What is expected
Output range, inclusive: from the line containing "never sees T.\<close>" to the line containing "ennreal D *". Restate those lines from the data below word for word and only those.

═════ Given data ═════

lemma adv_OPT_ge_min:
  assumes "1 \<le> K" "1 \<le> T" "0 \<le> G" "0 \<le> f0" "0 < f1"
  shows "min f1 (f0 + G) \<le> adv_OPT f0 f1 K G T"
  unfolding OPT_def
proof (rule cInf_greatest)
  have "adv_feasible K T (\<lambda>_ _. 0)" by (simp add: feasible_plan_def)
  then show "{adv_plan_cost f0 f1 K G T m |m. adv_feasible K T m} \<noteq> {}" by blast
next
  fix x assume "x \<in> {adv_plan_cost f0 f1 K G T m |m. adv_feasible K T m}"
  then obtain m where m: "adv_feasible K T m" and x: "x = adv_plan_cost f0 f1 K G T m"
    by blast
  note first = adv_feasible_first_period[OF m assms(2)]
  have "min f1 (f0 + G) \<le> first_period_cost K G f0 f1 (m 1 0)"
    using first_period_cost_ge_min first assms by auto
  also have "\<dots> = adv_period_cost f0 f1 K G m 1"
    using adv_period_cost_first[where m=m and K=K, OF first] by simp
  also have "\<dots> \<le> x"
    unfolding x using assms by (intro period_cost_le_plan_cost valid_costs_adv) auto
  finally show "min f1 (f0 + G) \<le> x" .
qed

lemma adv_OPT_one_le:
  assumes "1 \<le> K" "0 \<le> G" "0 \<le> f0" "0 < f1"
  shows "adv_OPT f0 f1 K G 1 \<le> f1"
proof -
  have "adv_feasible K 1 (adv_orders K)"
    by (auto simp: feasible_plan_def adv_orders_def)
  moreover have "adv_plan_cost f0 f1 K G 1 (adv_orders K) = f1"
    using assms by (simp add: plan_cost_eq_sum_period_cost period_cost_def adv_orders_def numeral_2_eq_2)
  ultimately show ?thesis
    using OPT_le_plan_cost assms valid_costs_adv by (metis less_imp_le)
qed

lemma adv_OPT_long_le:
  assumes "1 \<le> K" "0 \<le> G" "0 \<le> f0" "0 < f1"
  shows "adv_OPT f0 f1 K G (Suc K) \<le> f0 + G + real K * f1"
proof -
  define m where "m = (\<lambda>t i. if t \<le> 1 then 0 else adv_orders K t i)"
  have used: "(\<Sum>\<tau>=1..t. m \<tau> i) = t - 1" if "1 \<le> t" for t i
  proof -
    have "(\<Sum>\<tau>=1..t. m \<tau> i) = m 1 i + (\<Sum>\<tau>=Suc 1..t. m \<tau> i)"
      using that by (subst sum.atLeast_Suc_atMost) auto
    also have "\<dots> = (\<Sum>\<tau>=Suc 1..t. 1)"
      by (auto simp: m_def adv_orders_def intro!: sum.cong)
    finally show ?thesis by simp
  qed
  have feasible: "adv_feasible K (Suc K) m"
    unfolding feasible_plan_def using used by (auto simp: m_def adv_orders_def)
  have first: "adv_period_cost f0 f1 K G m 1 = f0 + G"
    using assms by (simp add: period_cost_def m_def adv_orders_def adv_rdc_cost_def numeral_2_eq_2)
  have later: "(\<Sum>t=2..Suc K. adv_period_cost f0 f1 K G m t) = (\<Sum>t=2..Suc K. f1)"
    using assms
    by (intro sum.cong) (simp_all add: period_cost_def m_def adv_orders_def adv_rdc_cost_def numeral_2_eq_2)
  have "adv_OPT f0 f1 K G (Suc K) \<le> adv_plan_cost f0 f1 K G (Suc K) m"
    using feasible assms by (intro OPT_le_plan_cost valid_costs_adv) auto
  also have "\<dots> = f0 + G + real K * f1"
    unfolding plan_cost_Suc_eq_first_plus_rest first later by simp
  finally show ?thesis .
qed

lemma adv_exp_alg_cost_le:
  assumes "1 \<le> K" "1 \<le> T" "0 \<le> G" "0 < f0 + G" "0 \<le> f0" "0 < f1" "adv_OPT f0 f1 K G T \<le> b"
  shows "exp_alg_cost f0 f1 M P 2 T (\<lambda>_. K) (adv_rdc_cost K G f1) (\<lambda>_. 0) (adv_orders K)
    \<le> R_inv f0 f1 M P * ennreal b"
proof -
  have "0 < adv_OPT f0 f1 K G T"
    using adv_OPT_ge_min[of K T G f0 f1] assms by linarith
  then have "exp_alg_cost f0 f1 M P 2 T (\<lambda>_. K) (adv_rdc_cost K G f1) (\<lambda>_. 0) (adv_orders K)
      \<le> R_inv f0 f1 M P * ennreal (adv_OPT f0 f1 K G T)"
    using assms by (intro exp_alg_cost_le_R_inv_mult_OPT valid_costs_adv) auto
  also have "\<dots> \<le> R_inv f0 f1 M P * ennreal b"
    using assms(7) by (intro mult_left_mono ennreal_leI) auto
  finally show ?thesis .
qed

lemma first_period_cost_square_mixture:
  fixes h :: nat and f0 f1 :: real
  defines "G \<equiv> (real h + 1) * f1 - f0"
  assumes "d \<le> h\<^sup>2" "1 \<le> h" "0 \<le> f0" "0 < f1" "f0 \<le> real h * f1"
  shows "real h * f0 + real (h\<^sup>2) * (f0 + f1)
    \<le> (real h * f0 / f1) * first_period_cost (h\<^sup>2) G f0 f1 d + real (h\<^sup>2) * f1
      + (f0 + G / real (h\<^sup>2)) * real d"
proof -
  let ?K = "real (h\<^sup>2)" and ?w = "real h * f0 / f1"
  have "f1 + (f0 + G - f1) * ((?K - real d) / ?K) \<le> first_period_cost (h\<^sup>2) G f0 f1 d"
    using assms by (intro first_period_cost_ge_interpolation) auto
  moreover have "f0 + G - f1 = real h * f1"
    by (simp add: G_def algebra_simps)
  ultimately have "?w * (f1 + real h * f1 * ((?K - real d) / ?K)) \<le> ?w * first_period_cost (h\<^sup>2) G f0 f1 d"
    using assms by (intro mult_left_mono) auto
  moreover have "?w * (f1 + real h * f1 * ((?K - real d) / ?K)) = real h * f0 + ?K * f0 - f0 * real d"
    using assms by (simp add: field_simps power2_eq_square)
  moreover have "0 \<le> G"
    using assms(5,6) unfolding G_def by (simp add: distrib_right)
  then have "0 \<le> G / ?K * real d"
    by simp
  ultimately show ?thesis
    unfolding distrib_left distrib_right by linarith
qed

lemma adv_mixture_le_plan_costs:
  assumes "adv_feasible K (Suc K) m" "0 \<le> f0" "0 < f1" "0 \<le> G"
    and mixture: "\<And>d. d \<le> K \<Longrightarrow>
      c \<le> (A + 1) * first_period_cost K G f0 f1 d + real K * f1 + (f0 + G / real K) * real d"
  shows "c \<le> A * adv_plan_cost f0 f1 K G 1 m + adv_plan_cost f0 f1 K G (Suc K) m"
  using mixture[OF adv_feasible_first_period(1)[OF assms(1)]]
    adv_plan_cost_one[OF assms(1)] adv_plan_cost_long_ge[OF assms(1-4)]
  by (simp add: algebra_simps)

context
  fixes f0 f1 :: real and M :: "'w measure" and P :: "'w \<Rightarrow> policy"
  assumes f0: "0 \<le> f0" and f1: "0 < f1"
    and prob: "prob_space M"
    and feasible: "\<forall>\<omega>\<in>space M. policy_feasible (P \<omega>)"
    and measurable: "\<forall>n T I0 c0 c1 S.
           (\<lambda>\<omega>. plan_cost f0 f1 n T c0 c1 S (alg_plan (P \<omega>) n I0 c0 c1 S)) \<in> borel_measurable M"
begin

text \<open>Yao-type averaging: A weights horizon 1 against horizon K + 1, and the denominator is
  the correspondingly weighted bound on OPT.\<close>
lemma R_inv_ge_adv_mixture:
  assumes K: "1 \<le> K" and G: "0 \<le> G" "0 < f0 + G" and A: "0 \<le> A" and c: "0 \<le> c"
    and mixture: "\<And>d. d \<le> K \<Longrightarrow>
      c \<le> (A + 1) * first_period_cost K G f0 f1 d + real K * f1 + (f0 + G / real K) * real d"
  shows "ennreal (c / (A * f1 + (f0 + G + real K * f1))) \<le> R_inv f0 f1 M P"
proof -
  define R where "R = R_inv f0 f1 M P"
  define D where "D = A * f1 + (f0 + G + real K * f1)"
  define plan where "plan \<omega> = alg_plan (P \<omega>) 2 (\<lambda>_. K) (adv_rdc_cost K G f1) (\<lambda>_. 0) (adv_orders K)"
    for \<omega>
  let ?E = "\<lambda>T. exp_alg_cost f0 f1 M P 2 T (\<lambda>_. K) (adv_rdc_cost K G f1) (\<lambda>_. 0) (adv_orders K)"
  have valid: "valid_costs 2 (adv_rdc_cost K G f1) (\<lambda>_. 0)"
    using G f1 by (simp add: valid_costs_adv)
  \<comment> \<open>The plan is the same for both horizons because an online policy never sees T.\<close>
  have "ennreal c \<le> ennreal A * ?E 1 + ?E (Suc K)"
    unfolding exp_alg_cost_def plan_def[symmetric]
  proof (rule prob_space.ennreal_le_nn_integral_combination[OF prob])
    fix \<omega> assume "\<omega> \<in> space M"
    then have "adv_feasible K (Suc K) (plan \<omega>)"
      using feasible unfolding policy_feasible_def plan_def by blast
    then show "c \<le> A * adv_plan_cost f0 f1 K G 1 (plan \<omega>) + adv_plan_cost f0 f1 K G (Suc K) (plan \<omega>)
        \<and> 0 \<le> adv_plan_cost f0 f1 K G 1 (plan \<omega>) \<and> 0 \<le> adv_plan_cost f0 f1 K G (Suc K) (plan \<omega>)"
      using adv_mixture_le_plan_costs[OF _ f0 f1 G(1) mixture] plan_cost_nonneg[OF f0 _ valid] f1
      by auto
  qed (use measurable A in \<open>auto simp: plan_def\<close>)
  also have "\<dots> \<le> ennreal A * (R * ennreal f1) + R * ennreal (f0 + G + real K * f1)"
  proof (intro add_mono mult_left_mono)
    show "?E 1 \<le> R * ennreal f1"
      unfolding R_def by (rule adv_exp_alg_cost_le[OF K _ G f0 f1 adv_OPT_one_le[OF K G(1) f0 f1]]) simp
    show "?E (Suc K) \<le> R * ennreal (f0 + G + real K * f1)"
      unfolding R_def by (rule adv_exp_alg_cost_le[OF K _ G f0 f1 adv_OPT_long_le[OF K G(1) f0 f1]]) simp
  qed simp_all
  also have "\<dots> = ennreal D * R"
    using A f1 f0 G by (simp add: D_def ennreal_plus ennreal_mult distrib_left mult_ac)
  finally have "ennreal c / ennreal D \<le> R"
    using A f1 G K by (intro divide_le_posI_ennreal) (auto simp: D_def intro!: add_nonneg_pos)
  moreover have "0 < D"
    using A f1 G K by (auto simp: D_def intro!: add_nonneg_pos)
  ultimately show ?thesis
    unfolding R_def D_def[symmetric] using c by (simp add: divide_ennreal)
qed

lemma R_inv_ge_five_quarters:
  assumes "f0 \<le> 2 * f1"
  shows "ennreal (5 / 4) \<le> R_inv f0 f1 M P"
proof -
  have "ennreal (5 * f1 / (1 * f1 + (f0 + (2 * f1 - f0) + real 1 * f1))) \<le> R_inv f0 f1 M P"
  proof (rule R_inv_ge_adv_mixture)
    fix d :: nat assume "d \<le> 1"
    then consider "d = 0" | "d = 1" by linarith
    then show "5 * f1 \<le> (1 + 1) * first_period_cost 1 (2 * f1 - f0) f0 f1 d
        + real 1 * f1 + (f0 + (2 * f1 - f0) / real 1) * real d"
      by cases (simp_all add: first_period_cost_def)
  qed (use assms f1 in auto)
  then show ?thesis
    using f1 by simp
qed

═════

Response
  \<comment> \<open>The plan is the same for both horizons because an online policy never sees T.\<close>
  have "ennreal c \<le> ennreal A * ?E 1 + ?E (Suc K)"
    unfolding exp_alg_cost_def plan_def[symmetric]
  proof (rule prob_space.ennreal_le_nn_integral_combination[OF prob])
    fix \<omega> assume "\<omega> \<in> space M"
    then have "adv_feasible K (Suc K) (plan \<omega>)"
      using feasible unfolding policy_feasible_def plan_def by blast
    then show "c \<le> A * adv_plan_cost f0 f1 K G 1 (plan \<omega>) + adv_plan_cost f0 f1 K G (Suc K) (plan \<omega>)
        \<and> 0 \<le> adv_plan_cost f0 f1 K G 1 (plan \<omega>) \<and> 0 \<le> adv_plan_cost f0 f1 K G (Suc K) (plan \<omega>)"
      using adv_mixture_le_plan_costs[OF _ f0 f1 G(1) mixture] plan_cost_nonneg[OF f0 _ valid] f1
      by auto
  qed (use measurable A in \<open>auto simp: plan_def\<close>)
  also have "\<dots> \<le> ennreal A * (R * ennreal f1) + R * ennreal (f0 + G + real K * f1)"
  proof (intro add_mono mult_left_mono)
    show "?E 1 \<le> R * ennreal f1"
      unfolding R_def by (rule adv_exp_alg_cost_le[OF K _ G f0 f1 adv_OPT_one_le[OF K G(1) f0 f1]]) simp
    show "?E (Suc K) \<le> R * ennreal (f0 + G + real K * f1)"
      unfolding R_def by (rule adv_exp_alg_cost_le[OF K _ G f0 f1 adv_OPT_long_le[OF K G(1) f0 f1]]) simp
  qed simp_all
  also have "\<dots> = ennreal D * R"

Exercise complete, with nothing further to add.